[SUPPLIED MATERIAL]

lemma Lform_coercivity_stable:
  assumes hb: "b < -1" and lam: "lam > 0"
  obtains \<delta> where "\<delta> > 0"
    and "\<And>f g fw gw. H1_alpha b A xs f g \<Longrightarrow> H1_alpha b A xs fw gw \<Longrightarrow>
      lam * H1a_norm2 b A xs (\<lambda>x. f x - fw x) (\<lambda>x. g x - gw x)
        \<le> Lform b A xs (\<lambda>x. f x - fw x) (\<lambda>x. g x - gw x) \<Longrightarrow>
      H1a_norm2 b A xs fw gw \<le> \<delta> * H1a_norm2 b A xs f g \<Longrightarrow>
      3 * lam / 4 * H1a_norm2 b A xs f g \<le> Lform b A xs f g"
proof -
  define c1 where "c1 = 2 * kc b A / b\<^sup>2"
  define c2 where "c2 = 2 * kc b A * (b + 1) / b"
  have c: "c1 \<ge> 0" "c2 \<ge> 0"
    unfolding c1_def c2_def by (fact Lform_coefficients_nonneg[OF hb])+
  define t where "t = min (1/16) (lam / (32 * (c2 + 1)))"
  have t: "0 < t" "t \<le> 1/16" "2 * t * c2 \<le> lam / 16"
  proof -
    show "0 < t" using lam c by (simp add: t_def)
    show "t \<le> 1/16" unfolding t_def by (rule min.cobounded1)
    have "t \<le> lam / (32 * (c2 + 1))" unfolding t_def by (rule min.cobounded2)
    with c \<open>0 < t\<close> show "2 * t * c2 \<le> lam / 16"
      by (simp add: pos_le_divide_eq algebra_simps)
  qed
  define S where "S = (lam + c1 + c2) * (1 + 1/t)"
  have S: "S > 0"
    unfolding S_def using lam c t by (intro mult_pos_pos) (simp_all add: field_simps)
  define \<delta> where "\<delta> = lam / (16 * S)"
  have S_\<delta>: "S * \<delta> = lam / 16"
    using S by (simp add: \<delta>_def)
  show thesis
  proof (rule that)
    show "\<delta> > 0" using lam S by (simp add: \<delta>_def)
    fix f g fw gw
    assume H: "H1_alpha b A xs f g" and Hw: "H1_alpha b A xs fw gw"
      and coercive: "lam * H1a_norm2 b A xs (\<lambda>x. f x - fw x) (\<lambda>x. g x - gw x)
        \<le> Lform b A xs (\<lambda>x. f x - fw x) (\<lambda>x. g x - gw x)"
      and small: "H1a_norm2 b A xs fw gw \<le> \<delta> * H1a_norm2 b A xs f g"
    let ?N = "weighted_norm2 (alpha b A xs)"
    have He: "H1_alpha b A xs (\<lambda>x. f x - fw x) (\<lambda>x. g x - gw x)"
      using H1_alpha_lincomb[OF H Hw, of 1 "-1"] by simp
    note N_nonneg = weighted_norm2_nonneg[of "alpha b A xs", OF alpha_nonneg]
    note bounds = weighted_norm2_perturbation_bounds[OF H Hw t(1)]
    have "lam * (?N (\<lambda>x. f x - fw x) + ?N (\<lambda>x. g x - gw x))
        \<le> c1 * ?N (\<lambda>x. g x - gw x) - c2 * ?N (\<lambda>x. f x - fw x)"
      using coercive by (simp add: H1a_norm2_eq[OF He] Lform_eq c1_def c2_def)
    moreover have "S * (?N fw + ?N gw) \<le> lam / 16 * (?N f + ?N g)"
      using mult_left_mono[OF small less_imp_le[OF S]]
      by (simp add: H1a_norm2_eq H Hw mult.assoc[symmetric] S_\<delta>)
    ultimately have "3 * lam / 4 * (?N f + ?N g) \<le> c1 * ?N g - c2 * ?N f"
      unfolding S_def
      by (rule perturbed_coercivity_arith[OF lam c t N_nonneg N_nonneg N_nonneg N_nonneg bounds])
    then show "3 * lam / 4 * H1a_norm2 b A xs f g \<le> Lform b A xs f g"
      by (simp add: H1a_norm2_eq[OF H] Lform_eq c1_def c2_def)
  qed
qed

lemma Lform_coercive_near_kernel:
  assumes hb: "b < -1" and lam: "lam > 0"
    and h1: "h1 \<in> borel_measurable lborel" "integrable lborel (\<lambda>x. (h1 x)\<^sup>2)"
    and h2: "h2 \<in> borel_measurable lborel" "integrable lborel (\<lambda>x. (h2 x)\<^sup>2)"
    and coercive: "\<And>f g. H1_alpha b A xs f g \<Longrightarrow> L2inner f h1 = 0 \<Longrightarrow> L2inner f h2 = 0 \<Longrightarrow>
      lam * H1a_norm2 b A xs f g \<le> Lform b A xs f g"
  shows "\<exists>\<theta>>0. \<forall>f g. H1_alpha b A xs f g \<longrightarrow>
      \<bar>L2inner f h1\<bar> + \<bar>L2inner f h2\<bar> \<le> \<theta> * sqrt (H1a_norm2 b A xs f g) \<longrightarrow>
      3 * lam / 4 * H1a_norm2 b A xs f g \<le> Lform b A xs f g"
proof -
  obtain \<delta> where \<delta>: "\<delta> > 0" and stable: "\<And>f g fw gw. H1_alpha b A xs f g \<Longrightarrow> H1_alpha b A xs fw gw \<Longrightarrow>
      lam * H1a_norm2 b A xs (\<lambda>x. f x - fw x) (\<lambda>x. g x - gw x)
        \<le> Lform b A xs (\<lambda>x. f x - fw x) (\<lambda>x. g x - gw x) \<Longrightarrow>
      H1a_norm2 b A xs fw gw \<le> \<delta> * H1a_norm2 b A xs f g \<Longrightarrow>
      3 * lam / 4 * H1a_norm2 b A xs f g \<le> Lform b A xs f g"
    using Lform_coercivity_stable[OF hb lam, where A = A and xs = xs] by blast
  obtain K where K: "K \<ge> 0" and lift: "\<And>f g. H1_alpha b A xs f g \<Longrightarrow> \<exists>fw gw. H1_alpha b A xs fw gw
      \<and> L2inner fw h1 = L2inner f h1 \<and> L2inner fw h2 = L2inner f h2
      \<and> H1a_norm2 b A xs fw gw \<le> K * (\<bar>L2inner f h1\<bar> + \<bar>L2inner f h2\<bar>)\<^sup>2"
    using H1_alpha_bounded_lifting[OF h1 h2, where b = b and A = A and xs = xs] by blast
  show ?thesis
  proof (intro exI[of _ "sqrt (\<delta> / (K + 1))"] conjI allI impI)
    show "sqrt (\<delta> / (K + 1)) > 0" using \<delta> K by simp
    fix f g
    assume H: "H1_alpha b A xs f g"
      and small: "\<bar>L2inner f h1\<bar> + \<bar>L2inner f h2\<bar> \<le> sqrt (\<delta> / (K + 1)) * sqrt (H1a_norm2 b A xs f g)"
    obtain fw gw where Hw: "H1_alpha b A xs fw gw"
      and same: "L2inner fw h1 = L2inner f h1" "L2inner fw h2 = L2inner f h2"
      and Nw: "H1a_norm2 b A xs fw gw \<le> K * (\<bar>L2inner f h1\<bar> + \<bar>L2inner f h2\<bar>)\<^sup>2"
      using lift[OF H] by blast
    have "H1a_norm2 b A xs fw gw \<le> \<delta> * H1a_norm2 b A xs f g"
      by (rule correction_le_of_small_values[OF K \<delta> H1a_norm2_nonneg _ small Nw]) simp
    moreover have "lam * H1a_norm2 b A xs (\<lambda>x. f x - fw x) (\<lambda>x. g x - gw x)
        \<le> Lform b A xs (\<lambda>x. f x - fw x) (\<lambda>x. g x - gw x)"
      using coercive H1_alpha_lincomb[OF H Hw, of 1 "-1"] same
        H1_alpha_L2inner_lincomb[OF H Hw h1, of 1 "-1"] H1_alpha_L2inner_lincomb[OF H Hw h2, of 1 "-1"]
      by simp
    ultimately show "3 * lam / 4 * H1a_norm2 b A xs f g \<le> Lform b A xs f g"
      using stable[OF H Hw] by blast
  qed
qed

[/SUPPLIED MATERIAL]
[SUPPLIED MATERIAL]

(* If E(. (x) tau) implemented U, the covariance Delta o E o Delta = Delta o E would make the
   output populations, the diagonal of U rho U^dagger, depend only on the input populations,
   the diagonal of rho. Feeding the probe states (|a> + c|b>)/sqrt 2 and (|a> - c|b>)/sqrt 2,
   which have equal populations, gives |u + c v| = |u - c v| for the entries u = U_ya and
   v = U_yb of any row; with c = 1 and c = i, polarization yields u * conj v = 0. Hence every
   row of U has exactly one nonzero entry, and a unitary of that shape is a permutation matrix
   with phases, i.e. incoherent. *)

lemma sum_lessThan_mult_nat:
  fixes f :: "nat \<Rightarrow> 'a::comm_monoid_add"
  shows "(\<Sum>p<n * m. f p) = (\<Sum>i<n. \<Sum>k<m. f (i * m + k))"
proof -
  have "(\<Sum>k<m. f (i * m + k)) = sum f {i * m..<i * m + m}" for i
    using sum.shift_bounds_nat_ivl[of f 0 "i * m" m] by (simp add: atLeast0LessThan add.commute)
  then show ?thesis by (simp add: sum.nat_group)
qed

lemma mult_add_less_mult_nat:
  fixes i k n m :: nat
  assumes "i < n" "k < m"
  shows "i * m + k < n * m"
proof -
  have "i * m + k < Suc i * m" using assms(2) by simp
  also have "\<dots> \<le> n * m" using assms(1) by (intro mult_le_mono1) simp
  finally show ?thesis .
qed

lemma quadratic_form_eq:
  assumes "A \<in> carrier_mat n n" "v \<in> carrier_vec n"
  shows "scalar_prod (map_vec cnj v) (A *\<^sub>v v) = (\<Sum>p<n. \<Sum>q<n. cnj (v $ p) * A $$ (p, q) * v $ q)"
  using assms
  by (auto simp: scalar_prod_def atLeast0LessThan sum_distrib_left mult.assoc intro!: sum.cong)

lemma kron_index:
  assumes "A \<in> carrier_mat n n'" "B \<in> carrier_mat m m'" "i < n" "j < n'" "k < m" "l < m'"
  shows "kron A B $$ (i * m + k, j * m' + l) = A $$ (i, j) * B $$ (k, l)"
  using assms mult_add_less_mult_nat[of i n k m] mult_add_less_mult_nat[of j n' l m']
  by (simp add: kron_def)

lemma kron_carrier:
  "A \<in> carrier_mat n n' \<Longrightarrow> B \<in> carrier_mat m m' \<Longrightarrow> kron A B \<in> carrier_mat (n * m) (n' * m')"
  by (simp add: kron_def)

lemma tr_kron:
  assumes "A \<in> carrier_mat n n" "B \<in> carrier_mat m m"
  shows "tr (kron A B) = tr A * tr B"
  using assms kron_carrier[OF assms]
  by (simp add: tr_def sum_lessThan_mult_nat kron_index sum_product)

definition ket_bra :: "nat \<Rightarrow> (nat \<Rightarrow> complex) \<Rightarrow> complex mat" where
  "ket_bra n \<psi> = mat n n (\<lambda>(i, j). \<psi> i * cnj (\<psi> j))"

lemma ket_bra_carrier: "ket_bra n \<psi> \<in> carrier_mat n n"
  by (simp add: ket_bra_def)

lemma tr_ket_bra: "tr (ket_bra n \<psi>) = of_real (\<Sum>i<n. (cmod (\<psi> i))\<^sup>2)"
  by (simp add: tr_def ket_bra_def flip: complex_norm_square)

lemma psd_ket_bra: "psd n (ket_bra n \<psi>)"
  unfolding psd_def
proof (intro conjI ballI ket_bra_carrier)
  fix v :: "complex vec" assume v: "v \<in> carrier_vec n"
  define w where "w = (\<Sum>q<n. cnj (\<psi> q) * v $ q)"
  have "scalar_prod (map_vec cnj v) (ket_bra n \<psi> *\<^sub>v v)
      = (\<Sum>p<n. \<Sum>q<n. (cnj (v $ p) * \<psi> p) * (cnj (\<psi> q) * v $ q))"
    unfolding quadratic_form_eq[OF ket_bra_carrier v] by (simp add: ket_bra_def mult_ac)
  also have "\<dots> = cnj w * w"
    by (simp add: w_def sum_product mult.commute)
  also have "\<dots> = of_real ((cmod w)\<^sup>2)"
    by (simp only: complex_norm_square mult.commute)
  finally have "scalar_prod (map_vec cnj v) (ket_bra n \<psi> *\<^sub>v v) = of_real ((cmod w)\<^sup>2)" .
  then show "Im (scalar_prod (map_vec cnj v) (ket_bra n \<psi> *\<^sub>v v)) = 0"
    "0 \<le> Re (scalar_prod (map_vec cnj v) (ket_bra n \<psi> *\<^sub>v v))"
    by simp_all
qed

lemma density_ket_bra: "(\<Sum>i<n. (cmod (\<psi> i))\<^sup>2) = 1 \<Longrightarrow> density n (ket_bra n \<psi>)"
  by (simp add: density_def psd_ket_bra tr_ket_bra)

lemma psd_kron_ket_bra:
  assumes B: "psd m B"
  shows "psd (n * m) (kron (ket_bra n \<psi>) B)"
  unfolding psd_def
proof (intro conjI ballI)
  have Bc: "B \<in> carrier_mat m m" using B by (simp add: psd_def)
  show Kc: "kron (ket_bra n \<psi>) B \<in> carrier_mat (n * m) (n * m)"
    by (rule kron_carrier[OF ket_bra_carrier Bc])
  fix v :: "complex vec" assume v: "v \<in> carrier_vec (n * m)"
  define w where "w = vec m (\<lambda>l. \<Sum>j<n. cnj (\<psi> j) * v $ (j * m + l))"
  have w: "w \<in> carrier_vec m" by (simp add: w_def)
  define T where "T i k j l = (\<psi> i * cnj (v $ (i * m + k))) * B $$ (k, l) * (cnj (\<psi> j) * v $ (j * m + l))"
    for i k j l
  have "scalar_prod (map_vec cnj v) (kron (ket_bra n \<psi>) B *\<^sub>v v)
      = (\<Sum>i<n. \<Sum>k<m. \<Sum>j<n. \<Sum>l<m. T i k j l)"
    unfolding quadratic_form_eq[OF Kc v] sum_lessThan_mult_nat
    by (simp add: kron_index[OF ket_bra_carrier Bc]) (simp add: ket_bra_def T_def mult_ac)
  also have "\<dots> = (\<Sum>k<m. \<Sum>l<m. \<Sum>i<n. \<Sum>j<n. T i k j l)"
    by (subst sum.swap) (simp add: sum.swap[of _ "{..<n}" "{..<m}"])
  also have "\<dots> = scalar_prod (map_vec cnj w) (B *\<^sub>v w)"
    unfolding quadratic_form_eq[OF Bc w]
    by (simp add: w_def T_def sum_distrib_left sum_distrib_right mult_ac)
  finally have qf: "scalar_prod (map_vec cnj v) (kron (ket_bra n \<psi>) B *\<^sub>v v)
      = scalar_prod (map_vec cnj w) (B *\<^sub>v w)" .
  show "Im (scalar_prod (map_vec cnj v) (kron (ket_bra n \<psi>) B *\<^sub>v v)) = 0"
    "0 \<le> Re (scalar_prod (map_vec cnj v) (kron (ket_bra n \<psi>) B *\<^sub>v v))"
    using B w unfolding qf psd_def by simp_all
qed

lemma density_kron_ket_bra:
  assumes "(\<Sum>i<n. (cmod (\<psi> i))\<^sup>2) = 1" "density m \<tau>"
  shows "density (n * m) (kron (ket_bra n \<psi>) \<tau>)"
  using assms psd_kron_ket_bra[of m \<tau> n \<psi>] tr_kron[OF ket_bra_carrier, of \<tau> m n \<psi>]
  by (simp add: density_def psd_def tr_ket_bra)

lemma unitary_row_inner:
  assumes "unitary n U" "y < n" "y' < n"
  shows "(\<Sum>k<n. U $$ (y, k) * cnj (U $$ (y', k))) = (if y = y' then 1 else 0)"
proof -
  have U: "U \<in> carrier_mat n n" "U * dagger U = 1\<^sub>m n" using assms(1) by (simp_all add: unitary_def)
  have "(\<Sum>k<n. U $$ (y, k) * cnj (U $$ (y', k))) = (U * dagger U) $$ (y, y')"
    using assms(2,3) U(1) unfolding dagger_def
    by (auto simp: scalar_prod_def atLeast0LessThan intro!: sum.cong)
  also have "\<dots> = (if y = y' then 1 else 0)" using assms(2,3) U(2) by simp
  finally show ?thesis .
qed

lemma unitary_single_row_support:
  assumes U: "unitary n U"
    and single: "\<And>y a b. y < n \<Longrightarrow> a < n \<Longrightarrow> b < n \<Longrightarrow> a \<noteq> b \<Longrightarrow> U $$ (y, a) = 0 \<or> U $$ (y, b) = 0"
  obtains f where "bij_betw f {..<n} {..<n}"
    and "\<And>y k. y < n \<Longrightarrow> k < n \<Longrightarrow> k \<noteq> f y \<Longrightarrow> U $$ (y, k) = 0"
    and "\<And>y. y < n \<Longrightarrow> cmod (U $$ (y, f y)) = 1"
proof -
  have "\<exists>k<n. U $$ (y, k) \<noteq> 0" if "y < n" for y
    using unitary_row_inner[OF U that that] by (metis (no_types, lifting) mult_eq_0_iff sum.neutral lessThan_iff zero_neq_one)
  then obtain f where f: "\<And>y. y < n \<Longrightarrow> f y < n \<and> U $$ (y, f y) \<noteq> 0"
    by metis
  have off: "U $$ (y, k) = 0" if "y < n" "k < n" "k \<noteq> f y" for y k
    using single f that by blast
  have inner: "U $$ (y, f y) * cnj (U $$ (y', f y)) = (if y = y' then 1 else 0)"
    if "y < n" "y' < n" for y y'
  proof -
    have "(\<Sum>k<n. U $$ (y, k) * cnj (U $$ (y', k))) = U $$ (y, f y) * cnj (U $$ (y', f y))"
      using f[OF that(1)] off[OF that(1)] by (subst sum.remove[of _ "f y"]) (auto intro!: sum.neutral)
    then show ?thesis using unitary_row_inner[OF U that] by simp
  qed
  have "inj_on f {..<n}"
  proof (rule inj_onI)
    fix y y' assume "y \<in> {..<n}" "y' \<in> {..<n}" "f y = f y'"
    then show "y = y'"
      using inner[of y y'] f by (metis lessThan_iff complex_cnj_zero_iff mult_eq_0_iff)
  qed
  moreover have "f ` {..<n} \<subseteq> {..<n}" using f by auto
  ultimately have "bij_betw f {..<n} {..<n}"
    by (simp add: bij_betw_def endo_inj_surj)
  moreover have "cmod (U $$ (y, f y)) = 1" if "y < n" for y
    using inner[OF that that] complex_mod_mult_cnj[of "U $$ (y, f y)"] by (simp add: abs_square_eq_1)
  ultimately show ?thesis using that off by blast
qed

[/SUPPLIED MATERIAL]

Looking at the records above, say how many lines contain the string "moreover". Give the number and no other words.

4